What the exercise asks >>
When responding, copy every record below exactly as it appears.
▶
(* Under Hypothesis (H), define the functions $A_+:=n^2+(\mathrm{tr}S)^2-(\mathrm{tr}P)^2-(\mathrm{tr}(SP))^2+\mathrm{tr}(SPSP)-n-2n\,\mathrm{tr}(S)+2\,\mathrm{tr}(P)\mathrm{tr}(SP)$ and $A_-:=n^2+(\mathrm{tr}S)^2-(\mathrm{tr}P)^2-(\mathrm{tr}(SP))^2+\mathrm{tr}(SPSP)-n+2n\,\mathrm{tr}(S)-2\,\mathrm{tr}(P)\mathrm{tr}(SP)$ on $M$. Then: (i) $A_+\ge0$ and $A_-\ge0$ on $M$. (ii) If $\mathrm{rk}\,E_+(S)=1$ then $A_-\equiv0$. If $\mathrm{rk}\,E_+(S)\ge2$, then for every $x\in M$: $A_-(x)=0$ if and only if there exists $\varepsilon\in\{-1,1\}$ with $E_+(S)_x\subseteq E_\varepsilon(P)_x$. (iii) If $\mathrm{rk}\,E_-(S)=1$ then $A_+\equiv0$. If $\mathrm{rk}\,E_-(S)\ge2$, then for every $x\in M$: $A_+(x)=0$ if and only if there exists $\varepsilon\in\{-1,1\}$ with $E_-(S)_x\subseteq E_\varepsilon(P)_x$.
   Context: Let $(M,g)$ be a Riemannian manifold of dimension $n$ with Levi-Civita connection $\nabla$; vectors and 1-forms are identified via $g$. For vectors $X,Y$, $X\odot Y$ is the endomorphism $Z\mapsto\langle X,Z\rangle Y+\langle Y,Z\rangle X$. Hypothesis (H): $M$ is oriented, compact, connected; $\theta$ is a 1-form on $M$, not identically zero (the Lee form of the Weyl connection $D_XY=\nabla_XY+\theta(Y)X+\theta(X)Y-\langle X,Y\rangle\theta^\sharp$); $S$ is a $g$-orthogonal involution of $\mathrm{T}M$, $S\neq\pm\mathrm{Id}$, with $DS=0$, equivalently $\nabla_XS=SX\odot\theta-S\theta\odot X$ for all $X$; $P$ is a $\nabla$-parallel $g$-orthogonal involution of $\mathrm{T}M$, $P\neq\pm\mathrm{Id}$. For an involution $F$, $E_+(F)$ and $E_-(F)$ denote its $+1$ and $-1$ eigenbundles. *)

theory Defs
  imports "HOL-Analysis.Analysis"
begin

text \<open>Pointwise (fibrewise) model: the tangent space at each point of M is identified
with real^'n (orthonormal frame), so endomorphism fields are matrix-valued maps.\<close>

definition orth_involution :: "real^'n^'n \<Rightarrow> bool" where
  "orth_involution F \<longleftrightarrow> orthogonal_matrix F \<and> F ** F = mat 1"

definition eigsp :: "real^'n^'n \<Rightarrow> real \<Rightarrow> (real^'n) set" where
  "eigsp F e = {v. F *v v = e *\<^sub>R v}"

definition A_plus :: "real^'n^'n \<Rightarrow> real^'n^'n \<Rightarrow> real" where
  "A_plus S P = (let n = real CARD('n) in
     n^2 + (trace S)^2 - (trace P)^2 - (trace (S ** P))^2 + trace (S ** P ** S ** P)
     - n - 2 * n * trace S + 2 * trace P * trace (S ** P))"

definition A_minus :: "real^'n^'n \<Rightarrow> real^'n^'n \<Rightarrow> real" where
  "A_minus S P = (let n = real CARD('n) in
     n^2 + (trace S)^2 - (trace P)^2 - (trace (S ** P))^2 + trace (S ** P ** S ** P)
     - n + 2 * n * trace S - 2 * trace P * trace (S ** P))"

end

theory Submission
  imports Defs
begin

text \<open>Pointwise, let \<open>B\<close> be an orthonormal basis of \<open>E\<^sub>+(S)\<close> with \<open>k\<close> elements and
  \<open>\<Pi> = \<Sum>\<^sub>b b b\<^sup>T\<close> the orthogonal projection onto it, so that \<open>S = 2\<Pi> - 1\<close>.
  Expanding the traces gives \<open>A\<^sub>- = 4 D\<close> with the defect
  \<open>D = k\<^sup>2 - k + \<Sum>\<^sub>b\<^sub>,\<^sub>c \<langle>Pb,c\<rangle>\<^sup>2 - (\<Sum>\<^sub>b \<langle>b,Pb\<rangle>)\<^sup>2\<close>.
  Writing \<open>x\<^sub>b = \<langle>b,Pb\<rangle> \<in> [-1,1]\<close>, Lagrange's identity turns \<open>D\<close> into a sum of three
  nonnegative terms: \<open>(k-1)(k - \<Sum>\<^sub>b x\<^sub>b\<^sup>2)\<close>, the off-diagonal squares \<open>\<langle>Pb,c\<rangle>\<^sup>2\<close>, and
  \<open>\<frac>1 2 \<Sum>\<^sub>b\<^sub>,\<^sub>c (x\<^sub>b - x\<^sub>c)\<^sup>2\<close>. For \<open>k = 1\<close> the defect vanishes identically; for \<open>k \<ge> 2\<close> it
  vanishes iff all \<open>x\<^sub>b\<close> are equal to a common \<open>\<epsilon> = \<plusminus>1\<close>, i.e. iff \<open>P\<close> acts as \<open>\<epsilon>\<close> on \<open>E\<^sub>+(S)\<close>.
  Replacing \<open>S\<close> by \<open>-S\<close> exchanges \<open>A\<^sub>+\<close> with \<open>A\<^sub>-\<close> and \<open>E\<^sub>-(S)\<close> with \<open>E\<^sub>+(S)\<close>.\<close>

lemma matrix_add_rdistrib: "((A::'a::semiring_1^'n^'m) + B) ** C = A ** C + B ** C"
  by (simp add: matrix_matrix_mult_def vec_eq_iff sum.distrib distrib_right)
◀
The answer >>
(* Under Hypothesis (H), define the functions $A_+:=n^2+(\mathrm{tr}S)^2-(\mathrm{tr}P)^2-(\mathrm{tr}(SP))^2+\mathrm{tr}(SPSP)-n-2n\,\mathrm{tr}(S)+2\,\mathrm{tr}(P)\mathrm{tr}(SP)$ and $A_-:=n^2+(\mathrm{tr}S)^2-(\mathrm{tr}P)^2-(\mathrm{tr}(SP))^2+\mathrm{tr}(SPSP)-n+2n\,\mathrm{tr}(S)-2\,\mathrm{tr}(P)\mathrm{tr}(SP)$ on $M$. Then: (i) $A_+\ge0$ and $A_-\ge0$ on $M$. (ii) If $\mathrm{rk}\,E_+(S)=1$ then $A_-\equiv0$. If $\mathrm{rk}\,E_+(S)\ge2$, then for every $x\in M$: $A_-(x)=0$ if and only if there exists $\varepsilon\in\{-1,1\}$ with $E_+(S)_x\subseteq E_\varepsilon(P)_x$. (iii) If $\mathrm{rk}\,E_-(S)=1$ then $A_+\equiv0$. If $\mathrm{rk}\,E_-(S)\ge2$, then for every $x\in M$: $A_+(x)=0$ if and only if there exists $\varepsilon\in\{-1,1\}$ with $E_-(S)_x\subseteq E_\varepsilon(P)_x$.
   Context: Let $(M,g)$ be a Riemannian manifold of dimension $n$ with Levi-Civita connection $\nabla$; vectors and 1-forms are identified via $g$. For vectors $X,Y$, $X\odot Y$ is the endomorphism $Z\mapsto\langle X,Z\rangle Y+\langle Y,Z\rangle X$. Hypothesis (H): $M$ is oriented, compact, connected; $\theta$ is a 1-form on $M$, not identically zero (the Lee form of the Weyl connection $D_XY=\nabla_XY+\theta(Y)X+\theta(X)Y-\langle X,Y\rangle\theta^\sharp$); $S$ is a $g$-orthogonal involution of $\mathrm{T}M$, $S\neq\pm\mathrm{Id}$, with $DS=0$, equivalently $\nabla_XS=SX\odot\theta-S\theta\odot X$ for all $X$; $P$ is a $\nabla$-parallel $g$-orthogonal involution of $\mathrm{T}M$, $P\neq\pm\mathrm{Id}$. For an involution $F$, $E_+(F)$ and $E_-(F)$ denote its $+1$ and $-1$ eigenbundles. *)

theory Defs
  imports "HOL-Analysis.Analysis"
begin

text \<open>Pointwise (fibrewise) model: the tangent space at each point of M is identified
with real^'n (orthonormal frame), so endomorphism fields are matrix-valued maps.\<close>

definition orth_involution :: "real^'n^'n \<Rightarrow> bool" where
  "orth_involution F \<longleftrightarrow> orthogonal_matrix F \<and> F ** F = mat 1"

definition eigsp :: "real^'n^'n \<Rightarrow> real \<Rightarrow> (real^'n) set" where
  "eigsp F e = {v. F *v v = e *\<^sub>R v}"

definition A_plus :: "real^'n^'n \<Rightarrow> real^'n^'n \<Rightarrow> real" where
  "A_plus S P = (let n = real CARD('n) in
     n^2 + (trace S)^2 - (trace P)^2 - (trace (S ** P))^2 + trace (S ** P ** S ** P)
     - n - 2 * n * trace S + 2 * trace P * trace (S ** P))"

definition A_minus :: "real^'n^'n \<Rightarrow> real^'n^'n \<Rightarrow> real" where
  "A_minus S P = (let n = real CARD('n) in
     n^2 + (trace S)^2 - (trace P)^2 - (trace (S ** P))^2 + trace (S ** P ** S ** P)
     - n + 2 * n * trace S - 2 * trace P * trace (S ** P))"

end

theory Submission
  imports Defs
begin

text \<open>Pointwise, let \<open>B\<close> be an orthonormal basis of \<open>E\<^sub>+(S)\<close> with \<open>k\<close> elements and
  \<open>\<Pi> = \<Sum>\<^sub>b b b\<^sup>T\<close> the orthogonal projection onto it, so that \<open>S = 2\<Pi> - 1\<close>.
  Expanding the traces gives \<open>A\<^sub>- = 4 D\<close> with the defect
  \<open>D = k\<^sup>2 - k + \<Sum>\<^sub>b\<^sub>,\<^sub>c \<langle>Pb,c\<rangle>\<^sup>2 - (\<Sum>\<^sub>b \<langle>b,Pb\<rangle>)\<^sup>2\<close>.
  Writing \<open>x\<^sub>b = \<langle>b,Pb\<rangle> \<in> [-1,1]\<close>, Lagrange's identity turns \<open>D\<close> into a sum of three
  nonnegative terms: \<open>(k-1)(k - \<Sum>\<^sub>b x\<^sub>b\<^sup>2)\<close>, the off-diagonal squares \<open>\<langle>Pb,c\<rangle>\<^sup>2\<close>, and
  \<open>\<frac>1 2 \<Sum>\<^sub>b\<^sub>,\<^sub>c (x\<^sub>b - x\<^sub>c)\<^sup>2\<close>. For \<open>k = 1\<close> the defect vanishes identically; for \<open>k \<ge> 2\<close> it
  vanishes iff all \<open>x\<^sub>b\<close> are equal to a common \<open>\<epsilon> = \<plusminus>1\<close>, i.e. iff \<open>P\<close> acts as \<open>\<epsilon>\<close> on \<open>E\<^sub>+(S)\<close>.
  Replacing \<open>S\<close> by \<open>-S\<close> exchanges \<open>A\<^sub>+\<close> with \<open>A\<^sub>-\<close> and \<open>E\<^sub>-(S)\<close> with \<open>E\<^sub>+(S)\<close>.\<close>

lemma matrix_add_rdistrib: "((A::'a::semiring_1^'n^'m) + B) ** C = A ** C + B ** C"
  by (simp add: matrix_matrix_mult_def vec_eq_iff sum.distrib distrib_right)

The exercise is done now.